PUEBLO, Colo. — Last week, a satellite revealed that 59.7% of the country was covered with snow on Thursday. That’s the most snow cover in a single day so far this winter.
That total had dropped down to 48.7% by Saturday, but there is another big storm that could bring more snow deep into the southern part of the country this week.
Last winter, the highest nationwide snow cover reached a peak of 50.4% on Feb. 4.
The record for most single-day snow coverage is 73.2% which happened on Feb. 16, 2021. That was the polar vortex intrusion that blanketed Texas with ice and crippled the western power grid for days.
The sample size is small mostly because NOAA only started tracking this data in the fall of 2003.
The state of Colorado was nearly completely covered with snow as of Thursday, however percentages are not available by state.
All the snow visible on satellite also makes the spots that don’t have snow stick out a little more than they would in a normal year.
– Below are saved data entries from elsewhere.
(* For each $\ell\geq 3$ there are infinitely many $4$-critical graphs of odd-girth $>\ell$, forming a family of quadratic edge density; in particular $c_{\ell,4}\geq \frac{1}{(\ell+1)^2}$.
   Context: A graph is $k$-critical if it has chromatic number $k$ and removing any edge allows it to be properly $(k-1)$-colored. The odd-girth of a graph is the length of a shortest odd cycle. For integers $\ell\geq 3$, $k\geq 4$, the density constant $c_{\ell,k}$ is the supremum of the constants $c$ such that there are infinitely many $k$-critical graphs of odd-girth $>\ell$, each having more than $cn^2$ edges, where $n$ is its number of vertices. *)

theory Defs
  imports Complex_Main
begin

definition graph :: "nat \<Rightarrow> (nat \<Rightarrow> nat \<Rightarrow> bool) \<Rightarrow> bool" where
  "graph n E \<longleftrightarrow> (\<forall>u v. E u v \<longrightarrow> u < n \<and> v < n \<and> u \<noteq> v \<and> E v u)"

definition num_edges :: "nat \<Rightarrow> (nat \<Rightarrow> nat \<Rightarrow> bool) \<Rightarrow> nat" where
  "num_edges n E = card {(u, v). u < v \<and> v < n \<and> E u v}"

definition colorable :: "nat \<Rightarrow> (nat \<Rightarrow> nat \<Rightarrow> bool) \<Rightarrow> nat \<Rightarrow> bool" where
  "colorable n E k \<longleftrightarrow> (\<exists>f :: nat \<Rightarrow> nat. (\<forall>v<n. f v < k) \<and> (\<forall>u v. E u v \<longrightarrow> f u \<noteq> f v))"

definition chromatic_number :: "nat \<Rightarrow> (nat \<Rightarrow> nat \<Rightarrow> bool) \<Rightarrow> nat" where
  "chromatic_number n E = (LEAST k. colorable n E k)"

definition remove_edge :: "(nat \<Rightarrow> nat \<Rightarrow> bool) \<Rightarrow> nat \<Rightarrow> nat \<Rightarrow> nat \<Rightarrow> nat \<Rightarrow> bool" where
  "remove_edge E a b = (\<lambda>u v. E u v \<and> \<not> ((u = a \<and> v = b) \<or> (u = b \<and> v = a)))"

definition critical :: "nat \<Rightarrow> nat \<Rightarrow> (nat \<Rightarrow> nat \<Rightarrow> bool) \<Rightarrow> bool" where
  "critical k n E \<longleftrightarrow> graph n E \<and> chromatic_number n E = k \<and>
     (\<forall>a b. E a b \<longrightarrow> colorable n (remove_edge E a b) (k - 1))"

definition is_cycle :: "nat \<Rightarrow> (nat \<Rightarrow> nat \<Rightarrow> bool) \<Rightarrow> nat list \<Rightarrow> bool" where
  "is_cycle n E cs \<longleftrightarrow> length cs \<ge> 3 \<and> distinct cs \<and> set cs \<subseteq> {..<n} \<and>
     (\<forall>i < length cs. E (cs ! i) (cs ! ((i + 1) mod length cs)))"

text \<open>Odd-girth > l: every odd cycle has length > l (vacuous if there are no odd cycles,
  i.e. odd-girth infinite).\<close>
definition odd_girth_gt :: "nat \<Rightarrow> (nat \<Rightarrow> nat \<Rightarrow> bool) \<Rightarrow> nat \<Rightarrow> bool" where
  "odd_girth_gt n E l \<longleftrightarrow> (\<forall>cs. is_cycle n E cs \<and> odd (length cs) \<longrightarrow> length cs > l)"

text \<open>"Infinitely many graphs with property P" (up to isomorphism) is expressed as:
  for every N there is such a graph with at least N vertices (there are only finitely many
  graphs on a given number of vertices).\<close>
definition density_const :: "nat \<Rightarrow> nat \<Rightarrow> real" where
  "density_const l k = Sup {c :: real. \<forall>N. \<exists>n \<ge> N. \<exists>E.
      critical k n E \<and> odd_girth_gt n E l \<and> real (num_edges n E) > c * (real n)^2}"

end

theory Submission
  imports Defs
begin
lemma power_dvd_of_prime_power_dvd:
  fixes X :: int and k :: nat
  assumes "0 < k"
    and dvd: "\<And>p. prime p \<Longrightarrow> int p ^ (s * multiplicity p k) dvd X"
  shows "int (k ^ s) dvd X"
proof (cases "X = 0")
  case False
  have "k ^ s dvd nat \<bar>X\<bar>"
  proof (rule multiplicity_le_imp_dvd)
    show "k ^ s \<noteq> 0" using assms(1) by simp
    fix p :: nat assume p: "prime p"
    have "p ^ (s * multiplicity p k) dvd nat \<bar>X\<bar>"
      using dvd[OF p] by (simp add: dvd_nat_abs_iff flip: of_nat_power)
    then have "s * multiplicity p k \<le> multiplicity p (nat \<bar>X\<bar>)"
      using False p by (intro multiplicity_geI) (auto simp: prime_gt_1_nat)
    then show "multiplicity p (k ^ s) \<le> multiplicity p (nat \<bar>X\<bar>)"
      using p assms(1) by (simp add: prime_elem_multiplicity_power_distrib)
  qed
  then show ?thesis by (simp add: dvd_nat_abs_iff)
qed simp

lemma prime_power_dvd_of_not_dvd:
  fixes p r m j :: nat
  assumes "prime p" "0 < r" "j dvd p ^ r * m" "\<not> j dvd p ^ (r - 1) * m"
  shows "p ^ r dvd j"
proof -
  obtain b c where bc: "j = b * c" "b dvd p ^ r" "c dvd m"
    using division_decomp[OF assms(3)] by blast
  then obtain i where i: "i \<le> r" "b = p ^ i"
    using divides_primepow_nat[OF assms(1)] by blast
  show ?thesis
  proof (cases "i = r")
    case False
    then have "b dvd p ^ (r - 1)" using i by (simp add: le_imp_power_dvd)
    then show ?thesis using bc assms(4) mult_dvd_mono by blast
  qed (use bc i in simp)
qed

lemma prime_power_dvd_weighted_remainder:
  fixes u T :: "nat \<Rightarrow> int"
  assumes cong: "\<And>p r m. prime p \<Longrightarrow> 0 < r \<Longrightarrow> \<not> p dvd m \<Longrightarrow>
      [u (p ^ r * m) = u (p ^ (r - 1) * m)] (mod int p ^ (s * r))"
    and solved: "\<And>k'. 0 < k' \<Longrightarrow> k' < k \<Longrightarrow> u k' = (\<Sum>j | j dvd k'. int (j ^ s) * T j)"
    and p: "prime p" and "0 < k"
  shows "int p ^ (s * multiplicity p k) dvd u k - (\<Sum>j | j dvd k \<and> j < k. int (j ^ s) * T j)"
proof -
  define r where "r = multiplicity p k"
  have "\<not> is_unit p" using p not_prime_unit by blast
  then obtain m where k: "k = p ^ r * m" and pm: "\<not> p dvd m"
    using multiplicity_decompose'[of k p] \<open>0 < k\<close> unfolding r_def by auto
  show ?thesis
  proof (cases "r = 0")
    case False
    define k' where "k' = p ^ (r - 1) * m"
    have "k = p * k'"
      using k False unfolding k'_def by (metis mult.assoc power_eq_if)
    then have "0 < k'" "k' < k"
      using \<open>0 < k\<close> prime_gt_1_nat[OF p] by auto
    define B where "B = {j. j dvd k \<and> j < k \<and> \<not> j dvd k'}"
    have "j < k" if "j dvd k'" for j
      using dvd_imp_le[OF that \<open>0 < k'\<close>] \<open>k' < k\<close> by linarith
    then have divisors_split: "{j. j dvd k \<and> j < k} = {j. j dvd k'} \<union> B"
      using \<open>k = p * k'\<close> unfolding B_def by auto
    have R: "(\<Sum>j | j dvd k \<and> j < k. int (j ^ s) * T j) = u k' + (\<Sum>j\<in>B. int (j ^ s) * T j)"
      unfolding divisors_split solved[OF \<open>0 < k'\<close> \<open>k' < k\<close>]
      using \<open>0 < k'\<close> by (subst sum.union_disjoint) (auto simp: B_def)
    have "int p ^ (s * r) dvd (\<Sum>j\<in>B. int (j ^ s) * T j)"
    proof (rule dvd_sum)
      fix j assume "j \<in> B"
      then have "p ^ r dvd j"
        using prime_power_dvd_of_not_dvd[OF p, of r j m] False k unfolding B_def k'_def by auto
      then have "(p ^ r) ^ s dvd j ^ s" by (rule dvd_power_same)
      then have "int p ^ (s * r) dvd int (j ^ s)"
        by (simp add: mult.commute[of s r] power_mult flip: of_nat_power)
      then show "int p ^ (s * r) dvd int (j ^ s) * T j" by simp
    qed
    moreover have "int p ^ (s * r) dvd u k - u k'"
      using cong[OF p _ pm, of r] False k unfolding k'_def
      by (simp add: cong_iff_dvd_diff dvd_diff_commute)
    ultimately show ?thesis
      unfolding R r_def[symmetric] by (metis diff_diff_eq dvd_diff)
  qed (simp add: r_def[symmetric])
qed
Like a spot that meteorologists call the 'Pueblo Snow Hole'. The one true banana belt in Colorado. The reason for this warmer and drier spot is a result of wind direction.
The National Weather Service (NWS) called it the Pueblo Precipitation Donut Hole in a recent Twitter thread because the hole is not just present during the winter months.
Stormy winds in Colorado usually come from the west, the north, and sometimes the south. Well, the Pueblo area is sheltered from those winds by higher terrain. That forces the air to sink into Pueblo instead of rise, and you need air to rise to get snow clouds.
To get good snow in Pueblo, there has to be a wind direction almost straight out of the east, which is the least common wind direction in Colorado.
The Grand Valley on the Western Slope of Colorado has a similar effect. The winds downslope from the north off of the Book Cliffs, from the east off the Grand Mesa, and from the south off the Colorado National Monument.
A westerly wind can bring some gentle upslope to the Grand Valley but because of its long east-west orientation, that upslope snow will often only impact the east end of the valley near Palisade.
The San Luis Valley also gets a lot of downslope from the surrounding terrain. It does have a little advantage with some higher elevations though.
The Montezuma Valley in southwest Colorado can get a lot of dry downsloping winds off of the San Juan mountain range.
The Denver area is in a great spot to benefit from almost every wind direction except west and northwest. East, North and northeast winds deliver a great upslope angle for big snow events.